Which brings us back to Peeping Brad here. By now he’s gotten himself quite an eyeful of Dalton—Does he find the man lacking as a lover and thus unworthy of Elizabeth’s love? Or is it the opposite? Is Dalton so toned and hung and prodigiously talented in the sack that Wesley worries his ex has been dickmatized by someone with little else going for him? Or is this masochism—a case of Wesley rubbing his own face in the happiness of his former lover and his current arch-enemy because some part of him is addicted to misery?

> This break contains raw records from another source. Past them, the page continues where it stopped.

fun items_yield :: "'a cfg_prods \<Rightarrow> 'a item list \<Rightarrow> 'a list \<Rightarrow> bool" where
  "items_yield P [] w \<longleftrightarrow> w = []"
| "items_yield P (I # Is) w \<longleftrightarrow> (\<exists>u v. w = u @ v \<and> item_yields P I u \<and> items_yield P Is v)"

lemma items_yield_append:
  "items_yield P (Is @ Js) w \<longleftrightarrow> (\<exists>u v. w = u @ v \<and> items_yield P Is u \<and> items_yield P Js v)"
proof (induction Is arbitrary: w)
  case (Cons I Is)
  show ?case
  proof
    assume "items_yield P ((I # Is) @ Js) w"
    then obtain u v1 v2 where "w = u @ v1 @ v2" "item_yields P I u" "items_yield P Is v1"
      "items_yield P Js v2"
      using Cons.IH by auto
    then show "\<exists>u v. w = u @ v \<and> items_yield P (I # Is) u \<and> items_yield P Js v"
      by (intro exI[of _ "u @ v1"] exI[of _ v2]) auto
  next
    assume "\<exists>u v. w = u @ v \<and> items_yield P (I # Is) u \<and> items_yield P Js v"
    then obtain u1 u2 v where "w = u1 @ u2 @ v" "item_yields P I u1" "items_yield P Is u2"
      "items_yield P Js v"
      by auto
    then show "items_yield P ((I # Is) @ Js) w"
      using Cons.IH by auto
  qed
qed simp

lemma items_yield_filter_nonempty:
  assumes "\<forall>(I, v) \<in> set ps. item_yields P I v"
    and "items_yield P (map fst (filter (\<lambda>(I, v). v \<noteq> []) ps)) w"
  shows "items_yield P (map fst ps) w"
  using assms
proof (induction ps arbitrary: w)
  case (Cons p ps)
  obtain I v where p: "p = (I, v)" by fastforce
  show ?case
  proof (cases "v = []")
    case True
    with Cons p have "items_yield P (map fst ps) w" "item_yields P I []" by auto
    then have "items_yield P (I # map fst ps) ([] @ w)" by (simp only: items_yield.simps) blast
    with p show ?thesis by simp
  next
    case False
    with Cons.prems p obtain u w' where "w = u @ w'" "item_yields P I u"
      "items_yield P (map fst (filter (\<lambda>(I, v). v \<noteq> []) ps)) w'"
      by auto
    with Cons p show ?thesis by auto
  qed
qed simp

definition read_step :: "'a cfg_prods \<Rightarrow> 'a item \<Rightarrow> 'a \<Rightarrow> 'a item list \<Rightarrow> bool" where
  "read_step P I a Is \<longleftrightarrow> (\<forall>w. items_yield P Is w \<longrightarrow> item_yields P I (a # w))"

lemma read_step_items_yield:
  "read_step P I a Is \<Longrightarrow> items_yield P (Is @ Js) w \<Longrightarrow> items_yield P (I # Js) (a # w)"
proof -
  assume "read_step P I a Is" "items_yield P (Is @ Js) w"
  then obtain u v where "w = u @ v" "item_yields P I (a # u)" "items_yield P Js v"
    unfolding read_step_def items_yield_append by blast
  then show ?thesis by (simp only: items_yield.simps) (intro exI[of _ "a # u"] exI[of _ v], simp)
qed

lemma read_step_filter_nonempty:
  "read_step P I a (map fst ps) \<Longrightarrow> \<forall>(J, v) \<in> set ps. item_yields P J v
    \<Longrightarrow> read_step P I a (map fst (filter (\<lambda>(J, v). v \<noteq> []) ps))"
  unfolding read_step_def using items_yield_filter_nonempty by blast

lemma read_step_pairI:
  assumes "\<And>y u x. generates P [Y] (a # y) \<Longrightarrow> generates P \<gamma> u \<Longrightarrow> left_corner P Z F x
    \<Longrightarrow> item_yields P (Z, E, \<beta>) (a # y @ u @ x)"
  shows "read_step P (Z, E, \<beta>) a [(Y, Inr a, []), (Z, F, \<gamma>)]"
  unfolding read_step_def
proof (intro allI impI)
  fix w
  assume "items_yield P [(Y, Inr a, []), (Z, F, \<gamma>)] w"
  then obtain y u x where "w = y @ u @ x" "left_corner P Y (Inr a) y" "generates P \<gamma> u"
    "left_corner P Z F x"
    by (simp only: items_yield.simps item_yields.simps generates_Nil_iff) force
  moreover have "generates P [Y] (a # y)"
    using left_corner_generates[OF \<open>left_corner P Y (Inr a) y\<close>, of "[a]"] by simp
  ultimately show "item_yields P (Z, E, \<beta>) (a # w)" using assms by simp
qed

lemma read_step_from_left_corner:
  assumes "generates P \<beta> []" and "left_corner P Z E (a # x)"
  obtains Y D \<gamma> x1 x2 where "x = x1 @ x2" "item_yields P (Y, Inr a, []) x1"
    "item_yields P (Z, Inl D, \<gamma>) x2" "read_step P (Z, E, \<beta>) a [(Y, Inr a, []), (Z, Inl D, \<gamma>)]"
    "Y \<in> rhs_symbols P" "D \<in> Domain P" "\<gamma> \<in> rhs_suffixes P"
proof -
  obtain Y D \<gamma> x1 x2 x3 where split: "x = x1 @ x2 @ x3" "left_corner P Y (Inr a) x1"
    "generates P \<gamma> x2" "left_corner P Z (Inl D) x3" "Y \<in> rhs_symbols P" "D \<in> Domain P"
    "\<gamma> \<in> rhs_suffixes P"
    and recombine: "\<forall>y u. generates P [Y] y \<longrightarrow> generates P \<gamma> u \<longrightarrow> left_corner P (Inl D) E (y @ u)"
    using left_corner_Cons_split[OF assms(2) refl] by (elim exE conjE) (rule that)
  have "read_step P (Z, E, \<beta>) a [(Y, Inr a, []), (Z, Inl D, \<gamma>)]"
  proof (rule read_step_pairI)
    fix y w x'
    assume "generates P [Y] (a # y)" "generates P \<gamma> w" "left_corner P Z (Inl D) x'"
    then have "left_corner P Z E (((a # y) @ w) @ x')"
      using recombine left_corner_trans by blast
    then have "item_yields P (Z, E, \<beta>) ([] @ ((a # y) @ w) @ x')"
      using assms(1) by (intro item_yieldsI) simp_all
    then show "item_yields P (Z, E, \<beta>) (a # y @ w @ x')" by simp
  qed
  with split show ?thesis by (intro that[of x1 "x2 @ x3" Y D \<gamma>]) auto
qed

lemma read_step_from_rest:
  assumes "generates P \<beta> (a # u)" and "\<beta> \<in> rhs_suffixes P"
  obtains Y \<gamma> x1 x2 where "u = x1 @ x2" "item_yields P (Y, Inr a, []) x1" "generates P \<gamma> x2"
    "read_step P (Z, E, \<beta>) a [(Y, Inr a, []), (Z, E, \<gamma>)]" "Y \<in> rhs_symbols P" "\<gamma> \<in> rhs_suffixes P"
proof -
  obtain xs1 Y xs2 y w2 where split: "\<beta> = xs1 @ Y # xs2" "generates P xs1 []"
    "left_corner P Y (Inr a) y" "generates P xs2 w2" "u = y @ w2"
    using generates_Cons_left_corner[OF assms(1) refl] by (elim exE conjE) (rule that)
  have "read_step P (Z, E, \<beta>) a [(Y, Inr a, []), (Z, E, xs2)]"
  proof (rule read_step_pairI)
    fix y' w x'
    assume "generates P [Y] (a # y')" "generates P xs2 w" "left_corner P Z E x'"
    then have "item_yields P (Z, E, \<beta>) (((a # y') @ w) @ x')"
      using item_yieldsI generates_nullable_prefixI[OF split(2)] split(1) by metis
    then show "item_yields P (Z, E, \<beta>) (a # y' @ w @ x')" by simp
  qed
  moreover have "Y \<in> rhs_symbols P" "xs2 \<in> rhs_suffixes P"
    using rhs_suffixes_split assms(2) split(1) by auto
  ultimately show ?thesis using split by (intro that[of y w2 Y xs2]) auto
qed

lemma item_yields_Cons_split:
  assumes "item_yields P (Z, E, \<beta>) (a # x)" and "\<beta> \<in> rhs_suffixes P"
  obtains Y F \<gamma> x1 x2 where "x = x1 @ x2" "item_yields P (Y, Inr a, []) x1"
    "item_yields P (Z, F, \<gamma>) x2" "read_step P (Z, E, \<beta>) a [(Y, Inr a, []), (Z, F, \<gamma>)]"
    "Y \<in> rhs_symbols P" "F = E \<or> F \<in> Inl ` Domain P" "\<gamma> \<in> rhs_suffixes P"
proof -
  from assms(1) obtain u v where uv: "a # x = u @ v" "generates P \<beta> u" "left_corner P Z E v"
    unfolding item_yields.simps by blast
  show ?thesis
  proof (cases u)
    case Nil
    with uv have "generates P \<beta> []" "left_corner P Z E (a # x)" by simp_all
    then obtain Y D \<gamma> x1 x2 where "x = x1 @ x2" "item_yields P (Y, Inr a, []) x1"
      "item_yields P (Z, Inl D, \<gamma>) x2" "read_step P (Z, E, \<beta>) a [(Y, Inr a, []), (Z, Inl D, \<gamma>)]"
      "Y \<in> rhs_symbols P" "D \<in> Domain P" "\<gamma> \<in> rhs_suffixes P"
      by (rule read_step_from_left_corner)
    then show ?thesis by (intro that[of x1 x2 Y "Inl D" \<gamma>]) auto
  next
    case (Cons b u')
    with uv have "generates P \<beta> (a # u')" "x = u' @ v" by auto
    then obtain Y \<gamma> x1 x2 where "u' = x1 @ x2" "item_yields P (Y, Inr a, []) x1" "generates P \<gamma> x2"
      "read_step P (Z, E, \<beta>) a [(Y, Inr a, []), (Z, E, \<gamma>)]" "Y \<in> rhs_symbols P" "\<gamma> \<in> rhs_suffixes P"
      using assms(2) by (elim read_step_from_rest)
    with \<open>x = u' @ v\<close> uv(3) show ?thesis
      by (intro that[of x1 "x2 @ v" Y E \<gamma>]) (auto intro: item_yieldsI)
  qed
qed

lemma map_opt_list: "map h (opt_list x) = opt_list (map_option h x)"
  by (cases x) (simp_all add: opt_list_def)

lemma mpda_move_internal: "(p, None, None, p') \<in> trans A \<Longrightarrow> \<sigma> \<noteq> [] \<Longrightarrow> mpda_move A (p, \<sigma>) (p', \<sigma>)"
  unfolding mpda_move_def by (intro exI[of _ None] exI[of _ \<sigma>]) (simp add: opt_list_def)

lemma mpda_move_push:
  "(p, None, Some g, p') \<in> trans A \<Longrightarrow> \<sigma> \<noteq> [] \<Longrightarrow> mpda_move A (p, \<sigma>) (p', g # \<sigma>)"
  unfolding mpda_move_def
  by (intro exI[of _ None] exI[of _ "Some g"] exI[of _ \<sigma>]) (simp add: opt_list_def)

lemma mpda_move_pop: "(p, Some g, None, p') \<in> trans A \<Longrightarrow> mpda_move A (p, g # \<sigma>) (p', \<sigma>)"
  unfolding mpda_move_def
  by (intro exI[of _ "Some g"] exI[of _ None] exI[of _ \<sigma>]) (simp add: opt_list_def)

lemma mpda_move_cases [consumes 2, case_names internal push pop]:
  assumes "mpda_wf A" and "mpda_move A (p, \<sigma>) (p', \<sigma>')"
  obtains (internal) "(p, None, None, p') \<in> trans A" "\<sigma>' = \<sigma>" "\<sigma> \<noteq> []"
    | (push) g where "(p, None, Some g, p') \<in> trans A" "\<sigma>' = g # \<sigma>" "\<sigma> \<noteq> []"
    | (pop) g where "(p, Some g, None, p') \<in> trans A" "\<sigma> = g # \<sigma>'"
proof -
  from assms(2) obtain \<gamma> \<gamma>' \<alpha> where t: "(p, \<gamma>, \<gamma>', p') \<in> trans A"
    and \<sigma>: "\<sigma> = opt_list \<gamma> @ \<alpha>" "\<sigma>' = opt_list \<gamma>' @ \<alpha>" "\<sigma> \<noteq> []"
    unfolding mpda_move_def by auto
  from assms(1) t have "\<gamma> = None \<or> \<gamma>' = None" unfolding mpda_wf_def by fastforce
  with t \<sigma> that show ?thesis by (cases \<gamma>; cases \<gamma>') (auto simp: opt_list_def)
qed

lemma mpda_move_stack_nonempty: "mpda_move A c c' \<Longrightarrow> snd c \<noteq> []"
  unfolding mpda_move_def by blast

lemma mpda_move_target_state: "mpda_wf A \<Longrightarrow> mpda_move A c c' \<Longrightarrow> fst c' \<in> states A"
  unfolding mpda_wf_def mpda_move_def by fastforce

lemma successively_mpda_move_states:
  assumes "mpda_wf A" "successively (mpda_move A) cs" "fst (hd cs) \<in> states A"
  shows "\<forall>c \<in> set cs. fst c \<in> states A"
  using assms(2,3)
proof (induction cs)
  case (Cons c cs)
  show ?case
  proof (cases cs)
    case (Cons c' cs')
    with Cons.prems have "fst c' \<in> states A"
      using mpda_move_target_state[OF assms(1), of c c'] by simp
    with Cons.IH Cons.prems \<open>cs = c' # cs'\<close> show ?thesis by simp
  qed (use Cons.prems in simp)
qed simp

lemma mpda_run_iff:
  "mpda_run A cs \<longleftrightarrow> cs \<noteq> [] \<and> fst (hd cs) \<in> initial A \<and> (\<exists>g \<in> stack A. snd (hd cs) = [g])
     \<and> fst (last cs) \<in> final A \<and> snd (last cs) = [] \<and> successively (mpda_move A) cs"
  unfolding mpda_run_def successively_conv_nth by blast

definition mpda_rename :: "('q, 'g, 'd) mpda \<Rightarrow> ('q \<Rightarrow> 'q2) \<Rightarrow> ('g \<Rightarrow> 'g2) \<Rightarrow> ('q2, 'g2, 'd) mpda" where
  "mpda_rename A f h = \<lparr>states = f ` states A, outputs = outputs A, stack = h ` stack A,
     trans = (\<lambda>(q, \<gamma>, \<gamma>', q'). (f q, map_option h \<gamma>, map_option h \<gamma>', f q')) ` trans A,
     out = out A \<circ> inv_into (states A) f, initial = f ` initial A, final = f ` final A\<rparr>"

lemma mpda_wf_rename: "mpda_wf A \<Longrightarrow> mpda_wf (mpda_rename A f h)"
  unfolding mpda_wf_def
proof (elim conjE, intro conjI ballI)
  fix t assume wf: "\<forall>(q, \<gamma>, \<gamma>', q') \<in> trans A. q \<in> states A \<and> q' \<in> states A \<and>
    set_option \<gamma> \<subseteq> stack A \<and> set_option \<gamma>' \<subseteq> stack A \<and> \<not> (\<gamma> \<noteq> None \<and> \<gamma>' \<noteq> None)"
    and "t \<in> trans (mpda_rename A f h)"
  then obtain q \<gamma> \<gamma>' q' where "t = (f q, map_option h \<gamma>, map_option h \<gamma>', f q')"
    "(q, \<gamma>, \<gamma>', q') \<in> trans A"
    by (auto simp: mpda_rename_def)
  with wf show "case t of (q, \<gamma>, \<gamma>', q') \<Rightarrow>
    q \<in> states (mpda_rename A f h) \<and> q' \<in> states (mpda_rename A f h)
    \<and> set_option \<gamma> \<subseteq> stack (mpda_rename A f h) \<and> set_option \<gamma>' \<subseteq> stack (mpda_rename A f h)
    \<and> \<not> (\<gamma> \<noteq> None \<and> \<gamma>' \<noteq> None)"
    by (auto simp: mpda_rename_def)
next
  fix q assume "\<forall>q \<in> states A. out A q \<in> outputs A" "q \<in> states (mpda_rename A f h)"
  then show "out (mpda_rename A f h) q \<in> outputs (mpda_rename A f h)"
    by (auto simp: mpda_rename_def inv_into_into)
qed (auto simp: mpda_rename_def)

Then there’s this tantalizing possibility: The Elizabeth stuff is a smokescreen for sexualized resentment of and desire for Dalton himself. In this reading, when Wesley tells Dalton that the only thing missing from his trophy room is his ass, Wesley really wishes he could get Dalton’s ass stuffed and mounted the old-fashioned way. To be honest Wesley strikes me as a drearily heterosexual figure, double-entendre action-movie homoeroticism notwithstanding. But this leaves open the possibility of simple envy, of Wesley covetously devouring Dalton’s body and beauty with his eyes.
Wesley spying on Dalton and Doc having sex on the roof of a barn is a crime of opportunity, that much seems certain. But it is difficult to say with any certainty at all why Wesley seized the opportunity. Grab a cigar and ponder this imponderable with me.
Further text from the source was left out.